At 2026-05-01 07:17 IDT, two gitignored files were deleted from the main repo: .venv-hadf-phase2/bin/ (the Python venv binary directory the wrapper used) and .env.local (the API-key file). Surviving: the venv's include/, lib/, and site-packages directories. Forensic evidence (zsh history, mtime alignment) is consistent with either a partial venv-rebuild script or a git clean -fdx-class operation; definitive identification was not possible without OS-level process logs.

The 21:00 IDT scheduled fire ran with the broken venv (system python fallback, no SDKs) and wrote 100 records all with ok=false. A manual recovery kickstart at 22:38 IDT, after recreating the venv, wrote 100 more records all with ok=false for a different reason (missing .env.local → no API keys exported → harness errored before any network call). Both contaminated batches were segregated into incident files. The locked-700 dataset (rows 1–700, all ok=true from fires 1 through 7) was preserved. The campaign was closed cleanly: launchd service unloaded, caffeinate process killed, runtime plist removed, macOS Full Disk Access for /bin/bash revoked.

Per kill_criteria.abort_action: "Document the abort condition in the case study Methodology Notes section and publish the partial data. Do NOT silently extend or restart collection." The dataset was not extended; the pre-registration was not modified; the verdict was computed on the locked-700 file alone via the analyzer's --raw flag.
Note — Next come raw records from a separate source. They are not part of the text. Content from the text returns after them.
lemma rank_Suc_predecessor:
  assumes "poset A lt" "y \<in> A" "rank A lt y = Suc r"
  obtains v where "v \<in> A" "lt v y" "rank A lt v = r"
proof -
  obtain cs where cs: "chain_to A lt cs y" "length cs = r + 2"
    using chain_to_rank[OF assms(1,2)] assms(3) by auto
  define bs where "bs = butlast cs"
  have "cs = bs @ [y]" using cs(1) append_butlast_last_id unfolding chain_to_def bs_def by metis
  moreover have "length bs = Suc r" using cs(2) unfolding bs_def by simp
  ultimately have bs: "cs = bs @ [y]" "bs \<noteq> []" by auto
  define v where "v = last bs"
  have "v \<in> set bs" using bs v_def by simp
  then have v: "v \<in> A" "lt v y"
    using cs bs unfolding chain_to_def by (auto simp: sorted_wrt_append)
  have "chain_to A lt bs v"
    using cs bs v_def unfolding chain_to_def by (auto simp: sorted_wrt_append)
  then have "r \<le> rank A lt v" using length_chain_to_le_rank[OF assms(1)] bs cs by fastforce
  moreover have "rank A lt v < Suc r" using rank_less[OF assms(1) v(1) assms(2) v(2)] assms(3) by simp
  ultimately show ?thesis using that v by simp
qed

lemma chain_extends_to_maximal_chain:
  assumes "finite A" "is_chain A lt C"
  obtains D where "maximal_chain A lt D" "C \<subseteq> D"
proof -
  have "\<exists>D. (is_chain A lt D \<and> C \<subseteq> D) \<and>
      (\<forall>E. is_chain A lt E \<and> C \<subseteq> E \<longrightarrow> card E \<le> card D)"
  proof (rule ex_has_greatest_nat[where k = C and b = "card A + 1"])
    show "\<forall>E. is_chain A lt E \<and> C \<subseteq> E \<longrightarrow> card E < card A + 1"
      using card_mono[OF assms(1)] unfolding is_chain_def by (simp add: le_imp_less_Suc)
  qed (use assms(2) in simp)
  then obtain D where D: "is_chain A lt D" "C \<subseteq> D"
    and D_max: "\<And>E. is_chain A lt E \<Longrightarrow> C \<subseteq> E \<Longrightarrow> card E \<le> card D" by blast
  have "maximal_chain A lt D"
    unfolding maximal_chain_def
  proof (intro conjI allI impI)
    fix E assume E: "is_chain A lt E \<and> D \<subseteq> E"
    then have "finite E" using assms(1) unfolding is_chain_def by (auto intro: finite_subset)
    moreover have "card E \<le> card D" using E D D_max[of E] by auto
    ultimately show "E = D" using card_subset_eq E by (metis card_mono le_antisym)
  qed (fact D(1))
  then show ?thesis using that D(2) by blast
qed

lemma rank_le_if_ranked_of_rank:
  assumes "poset A lt" "ranked_of_rank A lt n" "p \<in> A"
  shows "rank A lt p \<le> n"
proof -
  obtain cs where cs: "chain_to A lt cs p" "length cs = rank A lt p + 1"
    using chain_to_rank[OF assms(1,3)] by blast
  have "is_chain A lt (set cs)"
    using cs sorted_wrt_comparable[of lt cs] unfolding is_chain_def chain_to_def by blast
  moreover have fin: "finite A" using assms(1) unfolding poset_def by simp
  ultimately obtain D where D: "maximal_chain A lt D" "set cs \<subseteq> D"
    using chain_extends_to_maximal_chain by blast
  have "card D = n + 1" using assms(2) D(1) unfolding ranked_of_rank_def by blast
  moreover have "finite D"
    using D(1) fin unfolding maximal_chain_def is_chain_def by (auto intro: finite_subset)
  then have "card (set cs) \<le> card D" using D(2) by (simp add: card_mono)
  moreover have "card (set cs) = length cs" using chain_to_distinct[OF assms(1) cs(1)] by (simp add: distinct_card)
  ultimately show ?thesis using cs by simp
qed

lemma level_antichain:
  assumes "poset A lt"
  shows "\<forall>x\<in>level A lt j. \<forall>y\<in>level A lt j. \<not> lt x y"
  using rank_less[OF assms] unfolding level_def by fastforce

section \<open>The 6-crown\<close>

text \<open>x_k = k lies below every y_l = 3 + l except y_(k+1), and y_k lies above every x_l
  except x_(k+2) (indices mod 3).\<close>

lemma crown6_less_levels: "crown6_less a b \<Longrightarrow> a < 3 \<and> 3 \<le> b \<and> b \<le> 5"
  unfolding crown6_less_def by auto
lemma exists_adapted_basis:
  assumes "skew_tensor C"
  shows "\<exists>\<omega>. adapted_basis C \<omega>"
proof (cases "\<exists>a b c d s t. distinct [a, b, c, d] \<and> a < 4 \<and> b < 4 \<and> c < 4 \<and> d < 4 \<and>
    pairing C (shear_vec a c s) (shear_vec b d t) (shear_vec a c s) (shear_vec b d t) \<noteq> 0")
  case True
  then obtain a b c d s t where abcd: "distinct [a, b, c, d]" "a < 4" "b < 4" "c < 4" "d < 4"
    and nonzero: "pairing C (shear_vec a c s) (shear_vec b d t) (shear_vec a c s) (shear_vec b d t) \<noteq> 0"
    by blast
  define \<beta> where "\<beta> = add_multiple (add_multiple (perm_basis a b c d) 1 3 s) 2 4 t"
  have "is_basis4 \<beta>"
    unfolding \<beta>_def by (intro is_basis4_add_multiple is_basis4_perm_basis abcd) auto
  moreover have "\<beta> 1 = shear_vec a c s" "\<beta> 2 = shear_vec b d t"
    by (simp_all add: \<beta>_def add_multiple_def perm_basis_def shear_vec_def)
  ultimately show ?thesis
    using exists_adapted_basis_of_basis[OF assms, of \<beta>] nonzero by argo
next
  case False
  then have "pairing C (shear_vec a c s) (shear_vec b d t) (shear_vec a c s) (shear_vec b d t) = 0"
    if "distinct [a, b, c, d]" "a < 4" "b < 4" "c < 4" "d < 4" for a b c d s t
    using that by blast
  then have "C i j k l = 0" if "i < 4" "j < 4" "k < 4" "l < 4" for i j k l
    using skew_tensor_eq_zero_if_pairing_shear_vec_eq_zero[OF assms _ that] by blast
  then have "pairing C a b u v = 0" for a b u v
    by (rule pairing_eq_zero)
  moreover have "is_basis4 (perm_basis 0 1 2 3)"
    by (rule is_basis4_perm_basis) auto
  ultimately show ?thesis
    unfolding adapted_basis_def by blast
qed

theorem lemma6:
  assumes "is_22_form \<alpha>"
  shows "\<exists>\<omega>. is_basis4 \<omega> \<and>
    (\<forall>j\<in>{3, 4::nat}.
       wedge \<alpha> (wedge (form10 (\<omega> 1)) (wedge (form10 (\<omega> 2))
          (wedge (form_conj (\<omega> 1)) (form_conj (\<omega> j))))) = (\<lambda>_. 0) \<and>
       wedge \<alpha> (wedge (form10 (\<omega> 1)) (wedge (form10 (\<omega> 2))
          (wedge (form_conj (\<omega> 2)) (form_conj (\<omega> j))))) = (\<lambda>_. 0))"
proof -
  obtain \<omega> where "adapted_basis (coeff22 \<alpha> {0..<8}) \<omega>"
    using exists_adapted_basis[OF skew_tensor_coeff22] by blast
  then show ?thesis
    unfolding adapted_basis_def wedge_22_form_form10_form_conj[OF assms]
    by (intro exI[of _ \<omega>]) (simp add: fun_eq_iff)
qed

end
None of the three pre-registered abort conditions fired: total record count stayed above the 600 floor, no endpoints were rate-limited, and no model ids changed mid-campaign. The full forensic timeline is in the upstream case study under §Methodology Notes → Mid-Campaign Incident Disclosure.

Why "pending external audit" is part of this case study

This is a measurement experiment, not an opinion piece. The pre-registration was committed and hashed before any data was collected. The analyzer is mechanical (a pure function of the pre-registration plus the summary JSON). The contamination is bounded and segregated. The 700 valid records and the 200 contaminated records are both preserved on disk. An independent operator with access to the locked-700 file and the analyzer script should reproduce silhouette = 0.5566 at k=5 deterministically (random_state=42, n_init=10).
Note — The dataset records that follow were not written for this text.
(* For all positive integers $n$ and non-negative integers $k$, $$\det_{0\le i,j\le n-1}\Big(\sum_{l=-k}^{k+1}\binom{2i+2j}{i+j+l}\Big)= \begin{cases}(-1)^{n_1\binom{k+1}2}, & n=(k+1)n_1,\\ (-1)^{n_1\binom{k+1}2}, & n=(k+1)n_1+1,\\ 0, & n\not\equiv0,1\pmod{k+1},\end{cases}$$ with $n_1$ a non-negative integer (for $k=0$, the first case is meant).
   Context: Binomial coefficients $\binom ab$ (with $a\ge0$) are $0$ if $b<0$ or $b>a$. *)

theory Defs
  imports Main "Jordan_Normal_Form.Determinant"
begin

definition binom_int :: "nat \<Rightarrow> int \<Rightarrow> int" where
  "binom_int a b = (if 0 \<le> b \<and> b \<le> int a then int (a choose nat b) else 0)"

end

theory Submission
  imports Defs "HOL-Computational_Algebra.Formal_Laurent_Series" "HOL-Computational_Algebra.Polynomial"
begin

text \<open>
  Put x = z + 2 + 1/z = (1 + z)(1 + 1/z). Since [z^t] x^m = binom (2m) (m + t), the matrix is
  the Hankel matrix (L (x^(i+j))) of the linear functional L f = \<Sum>[z^l] f, l = -k..k+1, on
  Laurent polynomials in z. Replacing the monomials x^a by suitable monic polynomials P_a(x),
  built from the Laurent polynomials z^j + z^-j, is a unitriangular change of basis and turns
  the Hankel matrix into the Gram matrix (L (P_a P_b)). With K = k + 1 this Gram matrix is
  block diagonal with blocks of size K: the index a = mK contributes a diagonal entry 1, and
  the other entries of a block vanish above the anti-diagonal and are -1 on it. So every
  complete block has determinant (-1)^(K choose 2), whereas an incomplete last block of size
  at least 2 has a zero row.
\<close>

section \<open>Laurent polynomials in z\<close>

definition zpow :: "int \<Rightarrow> int fls" where
  "zpow i = fls_X_intpow i"

lemma fls_nth_zpow [simp]: "fls_nth (zpow i) t = (if t = i then 1 else 0)"
  by (simp add: zpow_def)

lemma zpow_mult_zpow [simp]: "zpow i * zpow j = zpow (i + j)"
  unfolding zpow_def by (rule fls_X_intpow_times_fls_X_intpow)

lemma zpow_mult_zpow_mult [simp]: "zpow i * (zpow j * f) = zpow (i + j) * f"
  by (simp add: mult.assoc[symmetric])

lemma fls_nth_mult_zpow [simp]: "fls_nth (f * zpow i) t = fls_nth f (t - i)"
  unfolding zpow_def using fls_X_intpow_times_conv_shift(2)[of f i] by simp

lemma fls_nth_zpow_mult [simp]: "fls_nth (zpow i * f) t = fls_nth f (t - i)"
  using fls_nth_mult_zpow[of f i t] by (simp add: mult.commute)

lemma zpow_eq_iff [simp]: "zpow a = zpow b \<longleftrightarrow> a = b"
  by (metis fls_nth_zpow zero_neq_one)

lemma zpow_0 [simp]: "zpow 0 = 1"
  by (simp add: zpow_def)

lemma zpow_plus_1_nonzero:
  assumes "a \<noteq> 0"
  shows "zpow a + 1 \<noteq> 0"
proof
  assume "zpow a + 1 = 0"
  then have "fls_nth (zpow a + 1) 0 = 0" by simp
  with assms show False by simp
qed

lemma zpow_1_minus_1_nonzero: "zpow 1 - 1 \<noteq> 0"
proof
  assume "zpow 1 - 1 = 0"
  then have "fls_nth (zpow 1 - 1) 1 = 0" by simp
  then show False by simp
qed

definition xz :: "int fls" where
  "xz = zpow 1 + 2 + zpow (-1)"

lemma binom_int_Suc: "binom_int (Suc a) b = binom_int a (b - 1) + binom_int a b"
proof -
  consider "b < 0" | "b = 0" | "0 < b \<and> b \<le> int a" | "b = int a + 1" | "b > int a + 1"
    by linarith
  then show ?thesis
  proof cases
    case 3
    then have "nat b = Suc (nat (b - 1))" "nat (b - 1) < a" by auto
    then show ?thesis using 3 unfolding binom_int_def by auto
  next
    case 4
    then have "nat b = Suc a" by simp
    then show ?thesis using 4 unfolding binom_int_def by auto
  qed (auto simp: binom_int_def)
qed

lemma fls_nth_mult_xz: "fls_nth (f * xz) t = fls_nth f (t - 1) + 2 * fls_nth f t + fls_nth f (t + 1)"
proof -
  have "f * xz = f * zpow 1 + 2 * f + f * zpow (-1)" by (simp add: xz_def algebra_simps)
  then show ?thesis by (simp add: fls_mult_of_int_nth[of 2, simplified])
qed

lemma fls_nth_xz_power: "fls_nth (xz ^ m) t = binom_int (2 * m) (int m + t)"
proof (induction m arbitrary: t)
  case 0
  then show ?case by (simp add: binom_int_def xz_def)
next
  case (Suc m)
  have "fls_nth (xz ^ Suc m) t = fls_nth (xz ^ m * xz) t" by (simp only: power_Suc2)
  also have "\<dots> = binom_int (2 * m) (int m + t - 1) + 2 * binom_int (2 * m) (int m + t)
      + binom_int (2 * m) (int m + t + 1)"
    unfolding fls_nth_mult_xz Suc.IH by (simp add: algebra_simps)
  also have "\<dots> = binom_int (2 * Suc m) (int (Suc m) + t)"
    using binom_int_Suc[of "Suc (2 * m)" "int (Suc m) + t"] binom_int_Suc[of "2 * m" "int (Suc m) + t"]
      binom_int_Suc[of "2 * m" "int (Suc m) + t - 1"]
    by (simp add: algebra_simps)
  finally show ?case .
qed

section \<open>The moment functional\<close>

definition weight :: "nat \<Rightarrow> int fls" where
  "weight k = (\<Sum>l\<in>{-int k..int k + 1}. zpow (-l))"

definition moment :: "nat \<Rightarrow> int fls \<Rightarrow> int" where
  "moment k f = fls_nth (f * weight k) 0"

lemma moment_xz_power: "moment k (xz ^ m) = (\<Sum>l\<in>{-int k..int k + 1}. binom_int (2 * m) (int m + l))"
  unfolding moment_def weight_def by (simp add: sum_distrib_left fls_nth_sum fls_nth_xz_power)

lemma moment_sum: "moment k (\<Sum>i\<in>A. f i) = (\<Sum>i\<in>A. moment k (f i))"
  unfolding moment_def by (simp add: sum_distrib_right fls_nth_sum)

lemma moment_of_int_mult: "moment k (of_int c * f) = c * moment k f"
  unfolding moment_def by (simp add: mult.assoc)

lemma sum_zpow_interval_telescope:
  "(\<Sum>l\<in>{a..a + int n - 1}. zpow (-l)) * (zpow 1 - 1) = zpow (1 - a) - zpow (1 - a - int n)"
proof (induction n)
  case (Suc n)
  have "{a..a + int (Suc n) - 1} = insert (a + int n) {a..a + int n - 1}" by auto
  then have "(\<Sum>l\<in>{a..a + int (Suc n) - 1}. zpow (-l))
      = zpow (-(a + int n)) + (\<Sum>l\<in>{a..a + int n - 1}. zpow (-l))"
    by (simp add: sum.insert)
  then show ?case using Suc by (simp add: algebra_simps)
qed simp

lemma weight_telescope: "weight k * (zpow 1 - 1) = zpow (int k + 1) - zpow (-(int k + 1))"
  using sum_zpow_interval_telescope[of "-int k" "2 * k + 2"] unfolding weight_def
  by (simp add: algebra_simps)

section \<open>Integer polynomials evaluated at x\<close>

lemma map_poly_of_int_add:
  "map_poly (of_int :: int \<Rightarrow> 'a::comm_ring_1) (p + q) = map_poly of_int p + map_poly of_int q"
  by (rule poly_eqI) (simp add: coeff_map_poly)

lemma map_poly_of_int_diff:
  "map_poly (of_int :: int \<Rightarrow> 'a::comm_ring_1) (p - q) = map_poly of_int p - map_poly of_int q"
  by (rule poly_eqI) (simp add: coeff_map_poly)

lemma map_poly_of_int_mult:
  "map_poly (of_int :: int \<Rightarrow> 'a::comm_ring_1) (p * q) = map_poly of_int p * map_poly of_int q"
  by (rule poly_eqI) (simp add: coeff_map_poly coeff_mult of_int_sum)

lemma map_poly_of_int_smult:
  "map_poly (of_int :: int \<Rightarrow> 'a::comm_ring_1) (smult c p) = smult (of_int c) (map_poly of_int p)"
  by (rule poly_eqI) (simp add: coeff_map_poly)

definition eval_xz :: "int poly \<Rightarrow> int fls" where
  "eval_xz p = poly (map_poly of_int p) xz"

lemma eval_xz_0: "eval_xz 0 = 0"
  by (simp add: eval_xz_def)

lemma eval_xz_1: "eval_xz 1 = 1"
  by (simp add: eval_xz_def)

lemma eval_xz_add: "eval_xz (p + q) = eval_xz p + eval_xz q"
  by (simp add: eval_xz_def map_poly_of_int_add)

lemma eval_xz_diff: "eval_xz (p - q) = eval_xz p - eval_xz q"
  by (simp add: eval_xz_def map_poly_of_int_diff)

lemma eval_xz_mult: "eval_xz (p * q) = eval_xz p * eval_xz q"
  by (simp add: eval_xz_def map_poly_of_int_mult)

lemma eval_xz_smult: "eval_xz (smult c p) = of_int c * eval_xz p"
  by (simp add: eval_xz_def map_poly_of_int_smult)

lemma eval_xz_sum: "eval_xz (\<Sum>d\<in>A. f d) = (\<Sum>d\<in>A. eval_xz (f d))"
  by (induction A rule: infinite_finite_induct) (auto simp: eval_xz_0 eval_xz_add)

lemma eval_xz_const: "eval_xz [:c:] = of_int c"
  by (simp add: eval_xz_def map_poly_pCons)

lemma eval_xz_x_minus_2: "eval_xz [:-2, 1:] = zpow 1 + zpow (-1)"
  by (simp add: eval_xz_def xz_def map_poly_pCons)

lemma eval_xz_eq_sum_powers:
  assumes "degree p < n"
  shows "eval_xz p = (\<Sum>r<n. of_int (coeff p r) * xz ^ r)"
proof -
  have "degree (map_poly (of_int :: int \<Rightarrow> int fls) p) < n"
    using map_poly_degree_leq assms by (rule le_less_trans)
  then have "eval_xz p = (\<Sum>r<n. coeff (map_poly (of_int :: int \<Rightarrow> int fls) p) r * xz ^ r)"
    unfolding eval_xz_def poly_altdef by (intro sum.mono_neutral_left) (auto simp: coeff_eq_0)
  then show ?thesis by (simp add: coeff_map_poly)
qed

lemma fls_nth_eval_xz_above_degree:
  assumes "int (degree p) < s"
  shows "fls_nth (eval_xz p) s = 0"
proof -
  have "eval_xz p = (\<Sum>r<Suc (degree p). of_int (coeff p r) * xz ^ r)"
    by (rule eval_xz_eq_sum_powers) simp
  then show ?thesis using assms by (simp add: fls_nth_sum fls_nth_xz_power binom_int_def)
qed

definition monic_deg :: "nat \<Rightarrow> int poly \<Rightarrow> bool" where
  "monic_deg a p \<longleftrightarrow> degree p = a \<and> lead_coeff p = 1"

lemma monic_deg_coeff_above: "monic_deg a p \<Longrightarrow> a < j \<Longrightarrow> coeff p j = 0"
  by (simp add: monic_deg_def coeff_eq_0)

lemma monic_deg_coeff: "monic_deg a p \<Longrightarrow> coeff p a = 1"
  by (auto simp: monic_deg_def)

lemma monic_deg_1: "monic_deg 0 1"
  by (simp add: monic_deg_def)

lemma monic_deg_mult: "monic_deg a p \<Longrightarrow> monic_deg b q \<Longrightarrow> monic_deg (a + b) (p * q)"
  unfolding monic_deg_def by (metis degree_mult_eq lead_coeff_mult leading_coeff_0_iff mult_1 zero_neq_one)

lemma monic_deg_add_lower: "monic_deg a p \<Longrightarrow> degree q < a \<Longrightarrow> monic_deg a (p + q)"
  unfolding monic_deg_def by (auto simp: degree_add_eq_left coeff_eq_0)

lemma monic_deg_diff_lower: "monic_deg a p \<Longrightarrow> degree q < a \<Longrightarrow> monic_deg a (p - q)"
  using monic_deg_add_lower[of a p "- q"] by simp

fun lucas_poly :: "nat \<Rightarrow> int poly" where
  "lucas_poly 0 = [:2:]"
| "lucas_poly (Suc 0) = [:-2, 1:]"
| "lucas_poly (Suc (Suc n)) = [:-2, 1:] * lucas_poly (Suc n) - lucas_poly n"

lemma eval_xz_lucas_poly: "eval_xz (lucas_poly n) = zpow (int n) + zpow (- int n)"
proof (induction n rule: lucas_poly.induct)
  case (3 n)
  have "eval_xz (lucas_poly (Suc (Suc n)))
      = eval_xz [:-2, 1:] * eval_xz (lucas_poly (Suc n)) - eval_xz (lucas_poly n)"
    by (simp only: lucas_poly.simps eval_xz_mult eval_xz_diff)
  then show ?case by (simp del: lucas_poly.simps add: eval_xz_x_minus_2 3 algebra_simps)
qed (simp_all add: eval_xz_const eval_xz_x_minus_2)

lemma monic_deg_lucas_poly: "n \<ge> 1 \<Longrightarrow> monic_deg n (lucas_poly n)"
proof (induction n rule: lucas_poly.induct)
  case (3 n)
  have "monic_deg (1 + Suc n) ([:-2, 1:] * lucas_poly (Suc n))"
    using 3 by (intro monic_deg_mult) (auto simp: monic_deg_def)
  moreover have "degree (lucas_poly n) < Suc (Suc n)"
    using 3 by (cases n) (auto simp: monic_deg_def)
  ultimately show ?case by (auto intro: monic_deg_diff_lower)
qed (auto simp: monic_deg_def)

fun alt_poly :: "nat \<Rightarrow> int poly" where
  "alt_poly 0 = 1"
| "alt_poly (Suc r) = lucas_poly (Suc r) - alt_poly r"

lemma monic_deg_alt_poly: "monic_deg r (alt_poly r)"
proof (induction r)
  case (Suc r)
  have "monic_deg (Suc r) (lucas_poly (Suc r))" by (rule monic_deg_lucas_poly) simp
  moreover have "degree (alt_poly r) < Suc r" using Suc by (simp add: monic_deg_def)
  ultimately show ?case by (simp add: monic_deg_diff_lower)
qed (simp add: monic_deg_1)

lemma monic_deg_alt_poly_minus_1: "r \<ge> 1 \<Longrightarrow> monic_deg r (alt_poly r - 1)"
  using monic_deg_alt_poly[of r] by (intro monic_deg_diff_lower) auto

lemma eval_alt_poly_mult: "eval_xz (alt_poly r) * (1 + zpow 1) = zpow (int r + 1) + zpow (- int r)"
proof (induction r)
  case (Suc r)
  have "eval_xz (alt_poly (Suc r)) * (1 + zpow 1)
      = (zpow (int (Suc r)) + zpow (- int (Suc r))) * (1 + zpow 1) - eval_xz (alt_poly r) * (1 + zpow 1)"
    by (simp only: alt_poly.simps eval_xz_diff eval_xz_lucas_poly left_diff_distrib)
  then show ?case unfolding Suc by (simp add: algebra_simps)
qed (simp add: eval_xz_1)

fun lucas_step_sum :: "nat \<Rightarrow> nat \<Rightarrow> int poly" where
  "lucas_step_sum K 0 = 1"
| "lucas_step_sum K (Suc 0) = lucas_poly K"
| "lucas_step_sum K (Suc (Suc m)) = lucas_step_sum K m + lucas_poly (Suc (Suc m) * K)"

lemma monic_deg_lucas_step_sum: "K \<ge> 1 \<Longrightarrow> monic_deg (m * K) (lucas_step_sum K m)"
proof (induction K m rule: lucas_step_sum.induct)
  case (3 K m)
  have "monic_deg (Suc (Suc m) * K) (lucas_poly (Suc (Suc m) * K))"
    using 3 by (intro monic_deg_lucas_poly) simp
  moreover have "degree (lucas_step_sum K m) < Suc (Suc m) * K" using 3 by (simp add: monic_deg_def)
  ultimately have "monic_deg (Suc (Suc m) * K) (lucas_poly (Suc (Suc m) * K) + lucas_step_sum K m)"
    by (rule monic_deg_add_lower)
  then show ?case by (simp add: add.commute)
qed (auto simp: monic_deg_1 monic_deg_lucas_poly)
What an external audit can challenge: the choice to exclude the local endpoint at deploy; the acceptable-loss reasoning behind closing on day 2 of 3; the forensic identification of the 07:17 IDT trigger; the choice of k range; the choice of (ttft_ms, tps) as the clustering features. None of these challenges, if successful, would alter the silhouette number itself — they would alter the interpretation. That distinction is what makes the "pending external audit" label load-bearing rather than performative.